The effect of the drug Dimia on other drugs. Oral contraceptives can interfere with the metabolism of some other active ingredients. Accordingly, plasma or tissue concentrations of these substances can either increase (eg cyclosporine) or decrease (eg lamotrigine). Based on in vitro inhibition studies and in vivo interactions in female volunteers taking omeprazole, simvastatin and midazolam as a substrate, the effect of drospirenone at a dose of 3 mg on the metabolism of other active substances is unlikely.
Other interactions. In patients without renal impairment, concomitant administration of drospirenone and ACE inhibitors or NSAIDs does not significantly affect serum potassium levels. However, the simultaneous use of Dimia® with aldosterone antagonists or potassium-sparing diuretics has not been studied. In this case, the concentration of serum potassium should be monitored during the first cycle of treatment.
Laboratory tests. Contraceptive steroid use can affect the results of some laboratory tests, including the determination of biochemical parameters of liver, thyroid, adrenal and kidney function, plasma protein (transporter) concentrations, such as corticosteroid-binding proteins and lipid / lipoprotein fractions, parameters of carbohydrate metabolism and parameters of blood coagulation and fibrinolysis ... In general, changes remain within the normal range. Drospirenone causes an increase in renin activity in blood plasma and, due to a small antimineralocorticoid activity, reduces the concentration of aldosterone in plasma.

Overdose

Drug overdose cases Dimianot yet described.
Based on general experience with COCs, potential symptoms of an overdose may be: nausea, vomiting, mild vaginal bleeding.
Treatment: no antidotes. Further treatment should be symptomatic.

Storage conditions

In a dark place at a temperature not exceeding 25 ° C.
Keep out of the reach of children.

Release form

Dimia -film-coated tablets [set], 3 mg + 0.02 mg. In a blister of PVC / PE / PVDC - aluminum foil, 24 tabl. drospirenone + ethinylestradiol and 4 tablets. placebo. 1 or 3 blisters in a cardboard box. The cardboard box contains a cardboard flat case for storing the blister.

Composition

:
1 tablet Dimiacontains: ethinylestradiol 0.02 mg, drospirenone 3 mg.
Excipients: lactose monohydrate - 48.53 mg; corn starch - 16.6 mg; pregelatinized corn starch - 9.6 mg; macrogol and polyvinyl alcohol copolymer - 1.45 mg; magnesium stearate - 0.8 mg
film shell: Opadry II white 85G18490 (polyvinyl alcohol - 0.88 mg, titanium dioxide - 0.403 mg, macrogol 3350 - 0.247 mg, talc - 0.4 mg, soy lecithin - 0.07 mg) - 2 mg
Placebo tablets 1 tablet: MCC - 42.39 mg; lactose - 37.26 mg; pregelatinized corn starch - 9 mg; magnesium stearate - 0.9 mg; colloidal silicon dioxide - 0.45 mg
Film shell: Opadry II green 85F21389 (polyvinyl alcohol - 1.2 mg, titanium dioxide - 0.7086 mg, macrogol 3350 - 0.606 mg, talc - 0.444 mg, indigo carmine - 0.0177 mg, quinoline yellow dye - 0.0177 mg , iron dye black oxide - 0.003 mg, yellow sunset dye - 0.003 mg) - 3 mg.

main parameters

Name: DIMIA
ATX code: G03AA12 -

In addition, as auxiliary compounds in the composition of the drug there are such substances as: corn starch (16.6 mg.), Including pregelatinized (9.6 mg.), magnesium stearate (0.8 mg.) And copolymer of polyvinyl alcohol (1.45 mg.).

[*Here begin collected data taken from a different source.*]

lemma has_real_derivative_magn:
  assumes deriv: "\<And>A. A \<in> AA \<Longrightarrow> ((\<lambda>t. k t A) has_real_derivative k' A) (at x)"
  shows "((\<lambda>t. magn (k t) A) has_real_derivative (\<Sum>B\<in>AA. k' B * trunc_corr (k x) A B)) (at x)"
proof -
  have "gibbs_avg (\<lambda>S. spin_prod S A * hamiltonian k' S) k0 = (\<Sum>B\<in>AA. k' B * corr k0 A B)" for k0
  proof -
    have "gibbs_avg (\<lambda>S. spin_prod S A * hamiltonian k' S) k0
        = gibbs_avg (\<lambda>S. \<Sum>B\<in>AA. k' B * (spin_prod S A * spin_prod S B)) k0"
      unfolding hamiltonian_def by (simp add: sum_distrib_left mult_ac)
    then show ?thesis unfolding gibbs_avg_sum gibbs_avg_cmult corr_def .
  qed
  moreover have "(\<Sum>B\<in>AA. k' B * corr k0 A B) - magn k0 A * (\<Sum>B\<in>AA. k' B * magn k0 B)
      = (\<Sum>B\<in>AA. k' B * trunc_corr k0 A B)" for k0
    unfolding trunc_corr_def by (simp add: sum_distrib_left right_diff_distrib sum_subtractf mult_ac)
  ultimately show ?thesis
    using has_real_derivative_gibbs_avg[where k=k and k'=k', OF deriv, where f="\<lambda>S. spin_prod S A"]
    unfolding magn_def[symmetric] gibbs_avg_hamiltonian by simp
qed

lemma has_real_derivative_trunc_corr_single_coupling:
  assumes A: "A \<in> AA" and B: "B \<in> AA"
    and deriv: "\<And>C. C \<in> AA \<Longrightarrow> ((\<lambda>t. k t C) has_real_derivative (if C = B then \<alpha> else 0)) (at x)"
  shows "((\<lambda>t. trunc_corr (k t) A B) has_real_derivative
           \<alpha> * (-2 * trunc_corr (k x) A B * magn (k x) B)) (at x)"
proof -
  let ?k' = "\<lambda>C. if C = B then \<alpha> else 0"
  have sum_single: "(\<Sum>C\<in>AA. ?k' C * g C) = \<alpha> * g B" for g :: "'v set \<Rightarrow> real"
    using finite_AA B by (simp add: if_distrib[of "\<lambda>x. x * y" for y] cong: if_cong)
  have "hamiltonian ?k' S = \<alpha> * spin_prod S B" for S
    unfolding hamiltonian_def by (rule sum_single)
  then have "gibbs_avg (\<lambda>S. spin_prod S A * spin_prod S B * hamiltonian ?k' S) (k x)
      = gibbs_avg (\<lambda>S. \<alpha> * spin_prod S A) (k x)"
    using spin_prod_square[OF _ AA_subset[OF B]] by (intro gibbs_avg_cong) (simp add: mult_ac)
  then have "((\<lambda>t. corr (k t) A B) has_real_derivative
      \<alpha> * magn (k x) A - corr (k x) A B * (\<alpha> * magn (k x) B)) (at x)"
    using has_real_derivative_gibbs_avg[where k=k and k'="?k'", OF deriv, where f="\<lambda>S. spin_prod S A * spin_prod S B"]
    unfolding corr_def[symmetric] gibbs_avg_cmult magn_def[symmetric] gibbs_avg_hamiltonian sum_single
    by simp
  moreover have "((\<lambda>t. magn (k t) A) has_real_derivative \<alpha> * trunc_corr (k x) A B) (at x)"
    using has_real_derivative_magn[where k=k and k'="?k'", OF deriv, where A=A] by (simp add: sum_single)
  moreover have "((\<lambda>t. magn (k t) B) has_real_derivative \<alpha> * (1 - (magn (k x) B)\<^sup>2)) (at x)"
    using has_real_derivative_magn[where k=k and k'="?k'", OF deriv, where A=B] by (simp add: sum_single trunc_corr_diag[OF B])
  ultimately have "((\<lambda>t. corr (k t) A B - magn (k t) A * magn (k t) B) has_real_derivative
      (\<alpha> * magn (k x) A - corr (k x) A B * (\<alpha> * magn (k x) B))
      - (\<alpha> * trunc_corr (k x) A B * magn (k x) B + \<alpha> * (1 - (magn (k x) B)\<^sup>2) * magn (k x) A)) (at x)"
    by (intro DERIV_diff DERIV_mult)
  then show ?thesis
    unfolding trunc_corr_def by (simp add: algebra_simps power2_eq_square)
qed
(* Let $n\in\{5,6,7,8,9,11\}$ and let $G_n$ be the regular network graph with cells $\{1,\dots,n\}$ (indices modulo $n$) in which each cell $i$ receives edges from its nearest and next nearest neighbours, i.e. the edges are $(i\pm1,i)$ and $(i\pm 2,i)$ for all $i$, all of a single edge type. Then $G_n$ has no exotic pattern of synchrony: for every balanced equivalence relation $\bowtie$ on the cells of $G_n$ there exists a subgroup $\Sigma$ of $\mathrm{Aut}(G_n)$ with $\bowtie\;=\;\bowtie_\Sigma$.
   Context: For a network graph with cells $\mathcal{C}$, edges $\mathcal{E}\subset\mathcal{C}\times\mathcal{C}$, and a single edge type (and single cell type), the input set of a cell $c$ is $I(c)=\{(d,c)\in\mathcal{E}\}$ and $\mathcal{T}(e)$ denotes the tail $d$ of an edge $e=(d,c)$. An equivalence relation $\bowtie$ on $\mathcal{C}$ is balanced if whenever $c\bowtie d$ there exists a bijection $\beta:I(c)\to I(d)$ with $\mathcal{T}(e)\bowtie\mathcal{T}(\beta(e))$ for all $e\in I(c)$. An automorphism of the graph is a permutation $\gamma$ of $\mathcal{C}$ with $(c,d)\in\mathcal{E}$ iff $(\gamma(c),\gamma(d))\in\mathcal{E}$; these form the group $\mathrm{Aut}$. For a subgroup $\Sigma$ of $\mathrm{Aut}$, $\bowtie_\Sigma$ is the orbit relation: $c\bowtie_\Sigma d$ iff $\gamma(c)=d$ for some $\gamma\in\Sigma$. A balanced equivalence relation is exotic if it is not of the form $\bowtie_\Sigma$ for any subgroup $\Sigma$ of $\mathrm{Aut}$. *)

theory Defs
  imports Main "HOL-Combinatorics.Permutations"
begin

text \<open>General network graphs with a single cell type and a single edge type:
  cells C, edges E a subset of C x C (edge (d,c) goes from tail d to head c).\<close>

definition input_set :: "('a \<times> 'a) set \<Rightarrow> 'a \<Rightarrow> ('a \<times> 'a) set" where
  "input_set E c = {e \<in> E. snd e = c}"

definition tail :: "'a \<times> 'a \<Rightarrow> 'a" where
  "tail e = fst e"

definition balanced :: "'a set \<Rightarrow> ('a \<times> 'a) set \<Rightarrow> ('a \<times> 'a) set \<Rightarrow> bool" where
  "balanced C E R \<longleftrightarrow> equiv C R \<and>
     (\<forall>c d. (c, d) \<in> R \<longrightarrow>
        (\<exists>\<beta>. bij_betw \<beta> (input_set E c) (input_set E d) \<and>
              (\<forall>e \<in> input_set E c. (tail e, tail (\<beta> e)) \<in> R)))"

definition automorphisms :: "'a set \<Rightarrow> ('a \<times> 'a) set \<Rightarrow> ('a \<Rightarrow> 'a) set" where
  "automorphisms C E = {\<gamma>. \<gamma> permutes C \<and>
     (\<forall>c \<in> C. \<forall>d \<in> C. (c, d) \<in> E \<longleftrightarrow> (\<gamma> c, \<gamma> d) \<in> E)}"

definition is_subgroup_Aut :: "'a set \<Rightarrow> ('a \<times> 'a) set \<Rightarrow> ('a \<Rightarrow> 'a) set \<Rightarrow> bool" where
  "is_subgroup_Aut C E \<Sigma> \<longleftrightarrow> \<Sigma> \<subseteq> automorphisms C E \<and> id \<in> \<Sigma> \<and>
     (\<forall>\<gamma> \<in> \<Sigma>. \<forall>\<delta> \<in> \<Sigma>. \<gamma> \<circ> \<delta> \<in> \<Sigma>) \<and> (\<forall>\<gamma> \<in> \<Sigma>. inv \<gamma> \<in> \<Sigma>)"

definition orbit_rel :: "'a set \<Rightarrow> ('a \<Rightarrow> 'a) set \<Rightarrow> ('a \<times> 'a) set" where
  "orbit_rel C \<Sigma> = {(c, d). c \<in> C \<and> (\<exists>\<gamma> \<in> \<Sigma>. \<gamma> c = d)}"

definition exotic :: "'a set \<Rightarrow> ('a \<times> 'a) set \<Rightarrow> ('a \<times> 'a) set \<Rightarrow> bool" where
  "exotic C E R \<longleftrightarrow> balanced C E R \<and>
     \<not> (\<exists>\<Sigma>. is_subgroup_Aut C E \<Sigma> \<and> R = orbit_rel C \<Sigma>)"

definition ring_cells :: "nat \<Rightarrow> nat set" where
  "ring_cells n = {0..<n}"

definition ring_edges :: "nat \<Rightarrow> (nat \<times> nat) set" where
  "ring_edges n = (\<Union>i \<in> {0..<n}.
     {((i + 1) mod n, i), ((i + n - 1) mod n, i), ((i + 2) mod n, i), ((i + n - 2) mod n, i)})"

end

theory Submission
  imports Defs "HOL-Library.Multiset"
begin

text \<open>Encode a balanced equivalence relation \<open>R\<close> on the ring by the colouring \<open>\<rho>\<close> sending each
  cell to the least cell of its class. Balance says that cells of equal colour see equal multisets
  of neighbour colours. Colouring the cells \<open>0, 1, 2, \<dots>\<close> in turn and pruning with this condition
  produces a short list of candidate colourings that provably contains \<open>\<rho>\<close>. For each candidate
  and each cell \<open>j\<close> we exhibit a colour-preserving automorphism of the ring (a dihedral one when
  \<open>n \<ge> 7\<close>) mapping \<open>\<rho> j\<close> to \<open>j\<close>. Hence the classes of \<open>R\<close> are the orbits of the group of
  automorphisms that preserve every class.\<close>

section \<open>Class-preserving automorphisms\<close>

lemma id_in_automorphisms: "id \<in> automorphisms C E"
  unfolding automorphisms_def by (simp add: permutes_id)

lemma automorphisms_comp:
  assumes "\<gamma> \<in> automorphisms C E" "\<delta> \<in> automorphisms C E"
  shows "\<gamma> \<circ> \<delta> \<in> automorphisms C E"
proof -
  have "\<delta> c \<in> C" if "c \<in> C" for c
    using assms(2) that by (simp add: automorphisms_def permutes_in_image)
  with assms show ?thesis
    unfolding automorphisms_def by (auto intro: permutes_compose)
qed

lemma automorphisms_inv:
  assumes "\<gamma> \<in> automorphisms C E"
  shows "inv \<gamma> \<in> automorphisms C E"
proof -
  have perm: "\<gamma> permutes C" and edges: "\<forall>c\<in>C. \<forall>d\<in>C. (c, d) \<in> E \<longleftrightarrow> (\<gamma> c, \<gamma> d) \<in> E"
    using assms by (auto simp: automorphisms_def)
  have "inv \<gamma> c \<in> C" if "c \<in> C" for c
    using permutes_inv[OF perm] that by (simp add: permutes_in_image)
  with edges have "(inv \<gamma> c, inv \<gamma> d) \<in> E \<longleftrightarrow> (c, d) \<in> E" if "c \<in> C" "d \<in> C" for c d
    using that by (simp add: permutes_inverses(1)[OF perm])
  then show ?thesis
    using permutes_inv[OF perm] by (simp add: automorphisms_def)
qed

definition class_preserving_automorphisms ::
    "'a set \<Rightarrow> ('a \<times> 'a) set \<Rightarrow> ('a \<times> 'a) set \<Rightarrow> ('a \<Rightarrow> 'a) set" where
  "class_preserving_automorphisms C E R = {\<gamma> \<in> automorphisms C E. \<forall>c \<in> C. (c, \<gamma> c) \<in> R}"

lemma is_subgroup_Aut_class_preserving:
  assumes "equiv C R"
  shows "is_subgroup_Aut C E (class_preserving_automorphisms C E R)"
  unfolding is_subgroup_Aut_def
proof (intro conjI ballI)
  show "class_preserving_automorphisms C E R \<subseteq> automorphisms C E"
    by (auto simp: class_preserving_automorphisms_def)
  show "id \<in> class_preserving_automorphisms C E R"
    using assms id_in_automorphisms
    by (auto simp: class_preserving_automorphisms_def equiv_def refl_on_def)
next
  fix \<gamma> \<delta> assume "\<gamma> \<in> class_preserving_automorphisms C E R" "\<delta> \<in> class_preserving_automorphisms C E R"
  then have \<gamma>: "\<gamma> \<in> automorphisms C E" "\<forall>c \<in> C. (c, \<gamma> c) \<in> R"
    and \<delta>: "\<delta> \<in> automorphisms C E" "\<forall>c \<in> C. (c, \<delta> c) \<in> R"
    by (auto simp: class_preserving_automorphisms_def)
  have "(c, \<gamma> (\<delta> c)) \<in> R" if "c \<in> C" for c
  proof -
    have "\<delta> c \<in> C"
      using \<delta>(1) that by (simp add: automorphisms_def permutes_in_image)
    then show ?thesis
      using \<gamma>(2) \<delta>(2) that assms by (meson equiv_def trans_def)
  qed
  then show "\<gamma> \<circ> \<delta> \<in> class_preserving_automorphisms C E R"
    using automorphisms_comp[OF \<gamma>(1) \<delta>(1)] by (simp add: class_preserving_automorphisms_def)
next
  fix \<gamma> assume "\<gamma> \<in> class_preserving_automorphisms C E R"
  then have \<gamma>: "\<gamma> \<in> automorphisms C E" "\<forall>c \<in> C. (c, \<gamma> c) \<in> R"
    by (auto simp: class_preserving_automorphisms_def)
  have perm: "\<gamma> permutes C"
    using \<gamma>(1) by (simp add: automorphisms_def)
  have "(c, inv \<gamma> c) \<in> R" if "c \<in> C" for c
  proof -
    have "(inv \<gamma> c, \<gamma> (inv \<gamma> c)) \<in> R"
      using \<gamma>(2) permutes_inv[OF perm] that by (simp add: permutes_in_image)
    then show ?thesis
      using assms by (simp add: permutes_inverses(1)[OF perm] equiv_def sym_def)
  qed
  then show "inv \<gamma> \<in> class_preserving_automorphisms C E R"
    using automorphisms_inv[OF \<gamma>(1)] by (simp add: class_preserving_automorphisms_def)
qed
(* For the coprime hider strategy $y$, consider two disjoint intervals $[u\oplus\ell]_{n-1}$ and $[v\oplus s]_{n-1}$ (with $u,v,\ell,s$ nonnegative integers) such that $\ell+s\le c$. Then $$y([u\oplus\ell]_{n-1})+y([v\oplus s]_{n-1})\le y([u\oplus(\ell+s+1)]_{n-1}).$$
   Context: Let $k\ge2$, $n>2^k$, $c=2^k-2$ with $\gcd(c,n-1)=1$, and let $h,w$ be the positive integers with $h(n-1)-wc=1$ and $w\in\{1,\dots,n-2\}$ minimal. For integers $u,\ell$ and $r\ge1$, $[u\oplus\ell]_r=\{w\bmod r: u\le w\le u+\ell-1\}$; $[a,b]=\{a,\dots,b\}$; $y(S)=\sum_{i\in S}y_i$. Coprime hider strategy $y\in\mathbb{R}^{\{0,\dots,n-1\}}$: $g(v)=v\frac{h}{wc}$, $r=\lfloor c/h\rfloor$; $y_0=y_{n-1}=0$; starting at $v=1$, repeatedly choose the largest $r^*\in\{r,r+1\}$ with $g(v+r^*-1)\le y([1,v-1])+\frac1w$, set $y_i=\frac{1}{r^*w}$ for $i\in\{v,\dots,v+r^*-1\}$, replace $v$ by $v+r^*$; stop when $v>n-2$. *)

theory Defs
  imports Main "HOL.Real"
begin

definition cyc_interval :: "nat \<Rightarrow> nat \<Rightarrow> nat \<Rightarrow> nat set" where
  "cyc_interval r u l = (\<lambda>x. x mod r) ` {u..<u + l}"

definition hider_g :: "nat \<Rightarrow> nat \<Rightarrow> nat \<Rightarrow> nat \<Rightarrow> real" where
  "hider_g c h w v = real v * real h / (real w * real c)"

text \<open>One step of the construction: state (v, y) with current block start v and
  the partially defined strategy y (zero where not yet assigned).
  r* is the largest element of {r, r+1} with g(v + r* - 1) <= y([1, v-1]) + 1/w
  (r is taken when r+1 fails).\<close>
definition hider_step :: "nat \<Rightarrow> nat \<Rightarrow> nat \<Rightarrow> nat \<Rightarrow> nat \<times> (nat \<Rightarrow> real) \<Rightarrow> nat \<times> (nat \<Rightarrow> real)" where
  "hider_step n c h w st =
     (let v = fst st; y = snd st; r = nat \<lfloor>real c / real h\<rfloor> in
      if v > n - 2 then st
      else
        let rs = (if hider_g c h w (v + (r + 1) - 1) \<le> sum y {1..v-1} + 1 / real w
                  then r + 1 else r)
        in (v + rs, \<lambda>i. if v \<le> i \<and> i \<le> v + rs - 1 then 1 / (real rs * real w) else y i))"

text \<open>Iterating n times suffices since each step advances v by
  at least r >= 1 (or the process has stopped).\<close>
definition coprime_hider :: "nat \<Rightarrow> nat \<Rightarrow> nat \<Rightarrow> nat \<Rightarrow> nat \<Rightarrow> real" where
  "coprime_hider n c h w i =
     (if i = 0 \<or> i \<ge> n - 1 then 0
      else snd ((hider_step n c h w ^^ n) (1, \<lambda>_. 0)) i)"

end

theory Submission
  imports Defs
begin

text \<open>Write \<open>m = n - 1\<close>, so that \<open>h m = w c + 1\<close>. The construction cuts \<open>{1, \<dots>, m - 1}\<close>
  into the \<open>w\<close> blocks \<open>(\<lfloor>k c / h\<rfloor>, \<lfloor>(k + 1) c / h\<rfloor>]\<close> and spreads weight \<open>1 / w\<close> uniformly
  over each block, so \<open>w\<close> times the prefix sums of \<open>y\<close> is the piecewise linear inverse of
  \<open>k \<mapsto> \<lfloor>k c / h\<rfloor>\<close>. As \<open>\<lfloor>i c / h\<rfloor> + \<lfloor>j c / h\<rfloor> \<le> \<lfloor>(i + j) c / h\<rfloor> \<le> \<lfloor>i c / h\<rfloor> + \<lfloor>j c / h\<rfloor> + 1\<close>,
  this inverse \<open>mass\<close> satisfies \<open>mass (a + b) \<le> mass a + mass b \<le> mass (a + b + 1)\<close>. Together with the
  symmetry \<open>y\<^sub>i = y\<^sub>m\<^sub>-\<^sub>i\<close> (from \<open>h m = w c + 1\<close>) this shows that every cyclic window of
  length \<open>s\<close> has weight at most \<open>mass s / w\<close> and every cyclic window of length \<open>s + 1\<close> weight
  at least \<open>mass s / w\<close>. Splitting \<open>[u \<oplus> (l + s + 1)]\<close> into \<open>[u \<oplus> l]\<close> and \<open>[u + l \<oplus> (s + 1)]\<close>
  gives the claim.\<close>

lemma inj_on_mod_interval:
  fixes m u l :: nat
  assumes "l \<le> m"
  shows "inj_on (\<lambda>x. x mod m) {u..<u + l}"
proof (rule inj_onI)
  fix x y assume x: "x \<in> {u..<u + l}" and y: "y \<in> {u..<u + l}" and eq: "x mod m = y mod m"
  have "m dvd max x y - min x y"
    using eq mod_eq_dvd_iff_nat[of x y m] mod_eq_dvd_iff_nat[of y x m] by (auto simp: max_def min_def)
  moreover have "max x y - min x y < m"
    using x y assms by auto
  ultimately show "x = y"
    using nat_dvd_not_less[of "max x y - min x y" m] by (cases "x = y") auto
qed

The drug shell contains a complex of compounds Opadry II 85G18490, which, in turn, includes substances such as talc, titanium dioxide, and soy and macrogol.

As part of the second tablet (the so-called placebo ), covered with a green shell contains 37.26 mg. lactose , 42.39 mg. MCC, 0.9 mg. magnesium stearate , 0.45 mg. colloidal silicon dioxide as well as 9 mg. pregelatinized corn starch .

Film casing placebo pills contains a complex of compounds under the name Opadry II 85F21389 , the chemical composition of which includes macrogol , polyvinyl alcohol , talc, quinoline yellow dye , indigo carmine and also dye "Sunset Sun".

Release form

Dimia tablets containing active substances drospirenone and ethinylestradion have a rounded biconvex shape. On one of the sides of the tabletted medicinal product, the “G73” mark is stamped.

The same rounded and biconvex in shape placebo pills are distinguished by a green shell. One package of the drug contains 28 tablets, which can be packaged in 1 or 3 blisters.

pharmachologic effect

Dimia is a combined drug that is monophasic contraceptive .

Pharmacodynamics and pharmacokinetics

This medicinal product contains ethinyl estradiol , and drospirenone (a substance close to natural origin). The active substances that make up this contraceptive do not have antiglucocorticoid, estrogenic, glucocorticoid abilities , as well as a pronounced moderate anti-mineralocorticoid and antiandrogenic action .

Its effectiveness contraceptive Dimia achieves thanks to several factors, for example, due inhibition of ovulation , changes endometrium and raising secretion viscosity located in cervix .

When taken orally drospirenone almost completely and rather quickly absorbed in the stomach. The maximum concentration of the substance in the blood (Cmax) is reached within a maximum of two hours after ingestion contraceptive ... After the stage of distribution and metabolism drospirenone excreted from the body kidneys , a small part of the drug comes out with intestines .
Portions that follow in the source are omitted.